Assignment.
Gather, from the data below, each line in which the word "ball" occurs.

Stored items.
● ● ●

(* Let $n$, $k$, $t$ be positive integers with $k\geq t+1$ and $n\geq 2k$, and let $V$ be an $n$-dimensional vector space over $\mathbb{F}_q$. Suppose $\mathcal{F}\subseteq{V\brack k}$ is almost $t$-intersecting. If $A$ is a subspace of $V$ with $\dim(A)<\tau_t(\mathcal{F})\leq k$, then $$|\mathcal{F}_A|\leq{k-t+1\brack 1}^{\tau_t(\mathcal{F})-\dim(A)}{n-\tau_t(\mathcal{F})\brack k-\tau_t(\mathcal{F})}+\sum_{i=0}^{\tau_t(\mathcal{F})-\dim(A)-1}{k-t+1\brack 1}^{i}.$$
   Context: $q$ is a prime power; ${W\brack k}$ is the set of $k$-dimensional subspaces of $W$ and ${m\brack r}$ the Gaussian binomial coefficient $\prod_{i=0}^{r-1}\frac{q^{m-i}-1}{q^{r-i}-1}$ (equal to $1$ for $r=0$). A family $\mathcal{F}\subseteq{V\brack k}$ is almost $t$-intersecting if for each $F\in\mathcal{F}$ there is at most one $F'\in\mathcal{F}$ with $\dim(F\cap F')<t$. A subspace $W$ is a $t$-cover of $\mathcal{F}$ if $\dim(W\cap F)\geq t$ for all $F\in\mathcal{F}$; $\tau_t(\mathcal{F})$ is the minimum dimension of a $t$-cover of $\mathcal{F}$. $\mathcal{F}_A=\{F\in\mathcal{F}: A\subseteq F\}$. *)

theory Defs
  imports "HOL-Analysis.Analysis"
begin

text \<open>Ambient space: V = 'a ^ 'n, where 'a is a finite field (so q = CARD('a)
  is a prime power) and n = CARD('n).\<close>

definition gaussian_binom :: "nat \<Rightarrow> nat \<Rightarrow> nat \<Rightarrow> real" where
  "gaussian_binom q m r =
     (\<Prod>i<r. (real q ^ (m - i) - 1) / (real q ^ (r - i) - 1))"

● ● ●

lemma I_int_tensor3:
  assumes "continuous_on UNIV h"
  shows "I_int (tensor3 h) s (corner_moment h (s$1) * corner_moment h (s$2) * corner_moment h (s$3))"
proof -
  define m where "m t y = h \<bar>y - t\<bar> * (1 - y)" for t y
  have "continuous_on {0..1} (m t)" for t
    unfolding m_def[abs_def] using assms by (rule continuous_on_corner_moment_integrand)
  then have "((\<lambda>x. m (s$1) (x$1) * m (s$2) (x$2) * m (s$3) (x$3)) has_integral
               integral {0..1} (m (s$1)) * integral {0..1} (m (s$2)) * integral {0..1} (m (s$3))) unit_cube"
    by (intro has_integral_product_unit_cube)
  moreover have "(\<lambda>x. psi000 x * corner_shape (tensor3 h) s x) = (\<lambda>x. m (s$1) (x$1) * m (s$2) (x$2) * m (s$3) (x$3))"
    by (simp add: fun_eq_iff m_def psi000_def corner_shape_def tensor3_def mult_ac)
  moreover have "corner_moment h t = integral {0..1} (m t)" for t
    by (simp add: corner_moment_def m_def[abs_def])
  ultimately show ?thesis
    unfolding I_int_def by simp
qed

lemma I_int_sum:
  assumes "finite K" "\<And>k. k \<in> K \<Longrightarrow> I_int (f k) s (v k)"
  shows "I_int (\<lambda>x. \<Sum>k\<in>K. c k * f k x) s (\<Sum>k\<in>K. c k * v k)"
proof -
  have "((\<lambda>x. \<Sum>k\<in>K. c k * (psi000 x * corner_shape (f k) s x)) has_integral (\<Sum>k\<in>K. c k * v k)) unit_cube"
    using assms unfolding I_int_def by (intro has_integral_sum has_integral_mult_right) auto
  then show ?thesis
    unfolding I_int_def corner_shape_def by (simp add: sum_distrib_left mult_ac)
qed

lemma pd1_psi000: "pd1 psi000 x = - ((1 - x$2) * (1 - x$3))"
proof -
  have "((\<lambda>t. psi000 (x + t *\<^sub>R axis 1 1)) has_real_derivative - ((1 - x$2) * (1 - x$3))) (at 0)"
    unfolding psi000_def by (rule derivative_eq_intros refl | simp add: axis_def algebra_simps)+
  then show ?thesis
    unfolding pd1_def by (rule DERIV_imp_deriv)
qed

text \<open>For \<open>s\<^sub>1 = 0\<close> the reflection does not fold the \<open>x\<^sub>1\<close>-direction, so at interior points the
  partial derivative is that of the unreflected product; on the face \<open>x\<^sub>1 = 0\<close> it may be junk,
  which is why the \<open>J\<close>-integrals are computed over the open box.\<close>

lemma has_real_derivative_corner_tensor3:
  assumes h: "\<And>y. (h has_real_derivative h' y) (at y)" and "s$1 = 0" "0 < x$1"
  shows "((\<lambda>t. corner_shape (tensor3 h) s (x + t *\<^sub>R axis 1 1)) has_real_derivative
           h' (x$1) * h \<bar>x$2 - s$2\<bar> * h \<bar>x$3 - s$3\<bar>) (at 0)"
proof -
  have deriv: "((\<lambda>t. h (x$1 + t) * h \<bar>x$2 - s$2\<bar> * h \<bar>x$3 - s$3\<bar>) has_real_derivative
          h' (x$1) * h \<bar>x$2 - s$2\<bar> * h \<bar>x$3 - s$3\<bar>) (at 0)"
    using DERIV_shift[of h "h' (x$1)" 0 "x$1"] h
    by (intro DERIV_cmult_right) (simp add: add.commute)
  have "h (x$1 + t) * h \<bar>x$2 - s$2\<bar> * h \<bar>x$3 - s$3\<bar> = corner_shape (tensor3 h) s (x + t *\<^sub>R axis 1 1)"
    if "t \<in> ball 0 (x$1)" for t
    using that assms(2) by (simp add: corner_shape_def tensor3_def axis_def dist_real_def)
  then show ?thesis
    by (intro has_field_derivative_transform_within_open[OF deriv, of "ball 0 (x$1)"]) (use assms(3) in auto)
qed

● ● ●

Problem solution.
    if "t \<in> ball 0 (x$1)" for t
    by (intro has_field_derivative_transform_within_open[OF deriv, of "ball 0 (x$1)"]) (use assms(3) in auto)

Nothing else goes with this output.